House Bill on Student Data Privacy Walked Back
From Politico's story (and hats off to Politico reporter Stephanie Simon for simply excellent work):
But the bipartisan bill to be introduced Monday — which was drafted in close collaboration with the White House — has proved anything but.
The bill lets education technology companies continue to collect huge amounts of intimate information on students, compile it into profiles of their aptitudes and attitudes — and then mine that data for commercial gain. It permits the companies to sell personal information about students to colleges and employers, and potentially to military recruiters as well.
BUT very big news - this bill being introduced through the House and seemingly on track to pass both House and Senate quickly has now been pulled back. The reason seems to be the overwhelming unhappiness from (real) data privacy groups and parents.
The congressmen and their staffs are now working back
through “the technical nuances of the bill,” said Liz Hall, a
spokesperson for Messer.
She said they still hope to introduce it this week.
Laughably, its sponsors say it's better than what we have now (meaning FERPA). Is that really a good reason to push through such an anemic bill?
Oh and the so-called Student Privacy Pledge, voluntary on the part of ed tech companies. Sadly, the national PTA endorses this (but then again, they also endorse McDonald's). But even some tech companies are not happy:
“We worry that this bill only adds additional complexity and legal
hurdles to innovations for educational services,” said Carl Szabo,
policy counsel for NetChoice, a trade association for e-commerce
businesses.
What's at stake? Data and lots of it and, of course, money.

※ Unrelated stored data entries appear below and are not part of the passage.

lemma lie_bracket_swap_sl2:
  "u \<in> sl2 \<Longrightarrow> v \<in> sl2 \<Longrightarrow> lie_bracket v u = (- 1) \<cdot>\<^sub>m lie_bracket u v"
  by (elim sl2E) (simp add: lie_bracket_def algebra_simps)

lemma lie_bracket_lie_bracket_swap_sl2:
  "u \<in> sl2 \<Longrightarrow> v \<in> sl2 \<Longrightarrow> w \<in> sl2 \<Longrightarrow>
    lie_bracket (lie_bracket w v) u = lie_bracket u (lie_bracket v w)"
  by (elim sl2E) (simp add: lie_bracket_def algebra_simps)

lemma trace_form_smult_right_sl2:
  "u \<in> sl2 \<Longrightarrow> v \<in> sl2 \<Longrightarrow> trace_form u (k \<cdot>\<^sub>m v) = k * trace_form u v"
  by (elim sl2E) (simp add: trace_form_def algebra_simps)

lemma trace_form_nondegenerate_sl2:
  assumes "x \<in> sl2" "y \<in> sl2" and "\<And>u. u \<in> sl2 \<Longrightarrow> trace_form u x = trace_form u y"
  shows "x = y"
proof -
  from assms(1,2) obtain a b c a' b' c'
    where x: "x = mat2 a b c (- a)" and y: "y = mat2 a' b' c' (- a')"
    by (elim sl2E)
  show ?thesis
    using assms(3)[of "mat2 1 0 0 (- 1)"] assms(3)[of "mat2 0 1 0 0"] assms(3)[of "mat2 0 0 1 0"]
    by (simp add: x y trace_form_def)
qed

definition sl2_h :: "'a::field_char_0 mat" where "sl2_h = mat2 1 0 0 (- 1)"
definition sl2_e :: "'a::field_char_0 mat" where "sl2_e = mat2 0 1 0 0"
definition sl2_f :: "'a::field_char_0 mat" where "sl2_f = mat2 0 0 1 0"

lemma sl2_basis_in_sl2 [simp]: "sl2_h \<in> sl2" "sl2_e \<in> sl2" "sl2_f \<in> sl2"
  by (simp_all add: sl2_h_def sl2_e_def sl2_f_def)

lemma mat2_sl2_basis: "mat2 a b c (- a) = a \<cdot>\<^sub>m sl2_h + b \<cdot>\<^sub>m sl2_e + c \<cdot>\<^sub>m sl2_f"
  by (simp add: sl2_h_def sl2_e_def sl2_f_def)

lemma linear_bij_sl2_image: "linear_bij_sl2 f \<Longrightarrow> f ` sl2 = sl2"
  by (simp add: linear_bij_sl2_def bij_betw_def)

lemma linear_bij_sl2_mem: "linear_bij_sl2 f \<Longrightarrow> u \<in> sl2 \<Longrightarrow> f u \<in> sl2"
  using linear_bij_sl2_image by blast

lemma linear_bij_sl2_lincomb:
  assumes "linear_bij_sl2 f" "u \<in> sl2" "v \<in> sl2"
  shows "f (a \<cdot>\<^sub>m u + b \<cdot>\<^sub>m v) = a \<cdot>\<^sub>m f u + b \<cdot>\<^sub>m f v"
  using assms by (simp add: linear_bij_sl2_def)
lemma box_Epart_image:
  assumes C: "category C" and D: "category D"
    and FS: "factorisation_system C E M" and FS': "factorisation_system D E' M'"
    and F: "is_functor C D Fo Fa" and FM: "Fa ` M \<subseteq> M'"
    and c: "is_Epart C E M (k1, k2) c" and b: "is_box D E' M' Fa c b"
  shows "is_Epart D E' M' (Fa k1, Fa k2) b"
proof -
  obtain S j1 j2 e n where S: "is_coproduct C (cdom C k1) (cdom C k2) S j1 j2"
    and en: "e \<in> E" "n \<in> M" "e \<in> hom C S (cdom C n)" "n \<in> hom C (cdom C n) (ccod C k1)"
    and c: "c = (ccomp C e j1, ccomp C e j2)"
    and k1: "ccomp C n (ccomp C e j1) = k1" and k2: "ccomp C n (ccomp C e j2) = k2"
    using is_EpartE[OF C FS c] by blast
  have ej1: "ccomp C e j1 \<in> hom C (cdom C k1) (cdom C n)"
    and ej2: "ccomp C e j2 \<in> hom C (cdom C k2) (cdom C n)"
    using S en(3) comp_in_hom[OF C] unfolding is_coproduct_def by blast+
  have "Fa n \<in> M'" "Fa n \<in> hom D (ccod D (Fa (ccomp C e j1))) (Fo (ccod C k1))"
    using FM en(2) functor_hom[OF F en(4)] functor_hom[OF F ej1] by (auto simp: hom_def)
  then have "is_Epart D E' M'
      (ccomp D (Fa n) (Fa (ccomp C e j1)), ccomp D (Fa n) (Fa (ccomp C e j2))) b"
    using Epart_postcomp_M[OF D FS'] b unfolding is_box_def c by simp
  then show ?thesis
    using functor_comp[OF F ej1 en(4)] functor_comp[OF F ej2 en(4)] k1 k2 by simp
qed

theorem mainTheorem5:
  fixes C :: "('o, 'a) cat" and D :: "('p, 'b) cat"
    and E M :: "'a set" and E' M' :: "'b set"
    and Fo :: "'o \<Rightarrow> 'p" and Fa :: "'a \<Rightarrow> 'b"
    and X Y Z :: 'o and f g :: "'a \<times> 'a"
  assumes "category C" and "category D"
    and "has_finite_colimits C" and "has_finite_colimits D"
    and "factorisation_system C E M" and "costable C M"
    and "factorisation_system D E' M'" and "costable D M'"
    and "is_functor C D Fo Fa" and "preserves_finite_colimits C D Fo Fa"
    and "Fa ` M \<subseteq> M'"
    and "X \<in> cobj C" and "Y \<in> cobj C" and "Z \<in> cobj C"
    and "is_corel C E X Y f" and "is_corel C E Y Z g"
  shows "\<forall>gf bgf bf bg r.
           is_corel_comp C E M f g gf \<longrightarrow> is_box D E' M' Fa gf bgf \<longrightarrow>
           is_box D E' M' Fa f bf \<longrightarrow> is_box D E' M' Fa g bg \<longrightarrow>
           is_corel_comp D E' M' bf bg r \<longrightarrow>
           cospan_iso D bgf r"
proof (intro allI impI)
  fix gf bgf bf bg r
  assume gf: "is_corel_comp C E M f g gf" and bgf: "is_box D E' M' Fa gf bgf"
    and bf: "is_box D E' M' Fa f bf" and bg: "is_box D E' M' Fa g bg"
    and r: "is_corel_comp D E' M' bf bg r"
  obtain i1 u1 i2 u2 where fg: "f = (i1, u1)" "g = (i2, u2)"
    by (cases f, cases g)
  have c1: "is_cospan C X Y (i1, u1)" and c2: "is_cospan C Y Z (i2, u2)"
    using assms(15,16) unfolding is_corel_def fg by auto
  obtain k1 k2 where k: "is_cospan_comp C (i1, u1) (i2, u2) (k1, k2)"
    and gf_k: "is_Epart C E M (k1, k2) gf"
    using gf unfolding is_corel_comp_def fg by auto
  have bgf_Fk: "is_Epart D E' M' (Fa k1, Fa k2) bgf"
    using box_Epart_image[OF assms(1,2,5,7,9,11) gf_k bgf] .
  obtain k' where k': "is_cospan_comp D (Fa i1, Fa u1) (Fa i2, Fa u2) k'"
    and r_k': "is_Epart D E' M' k' r"
    using Epart_of_cospan_comp[OF assms(2,7,8,4) bf[unfolded is_box_def fg, simplified]
        bg[unfolded is_box_def fg, simplified] r] by blast
  have "cospan_iso D k' (Fa k1, Fa k2)"
    using cospan_comp_unique_up_to_iso[OF assms(2) functor_cospan[OF assms(9) c1]
        functor_cospan[OF assms(9) c2] k' functor_cospan_comp[OF assms(9,10) c1 c2 k]] .
  then have "is_Epart D E' M' (Fa k1, Fa k2) r"
    using Epart_cospan_iso[OF assms(2,7) r_k'] by blast
  then show "cospan_iso D bgf r"
    using Epart_unique[OF assms(2,7) bgf_Fk] by blast
qed

end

The market for educational technology for preschool through high school is huge; last year, it hit nearly $8 billion. And every time a student clicks through an online textbook, watches tutorials, plays games or takes quizzes online, he sheds an enormous amount of data, not just about what he knows but also about how he learns, thinks and perseveres in the face of challenge. Top ed-tech companies boast of collecting millions of unique data points on each child each day. That’s orders of magnitude more than Facebook or Google gather on their customers.
And most of that data isn’t protected by existing federal privacy law because it’s not part of a student’s official “educational record,” which generally consists of final grades, standardized test scores and other basic records that would at one time have been stored in a file cabinet in the principal’s office.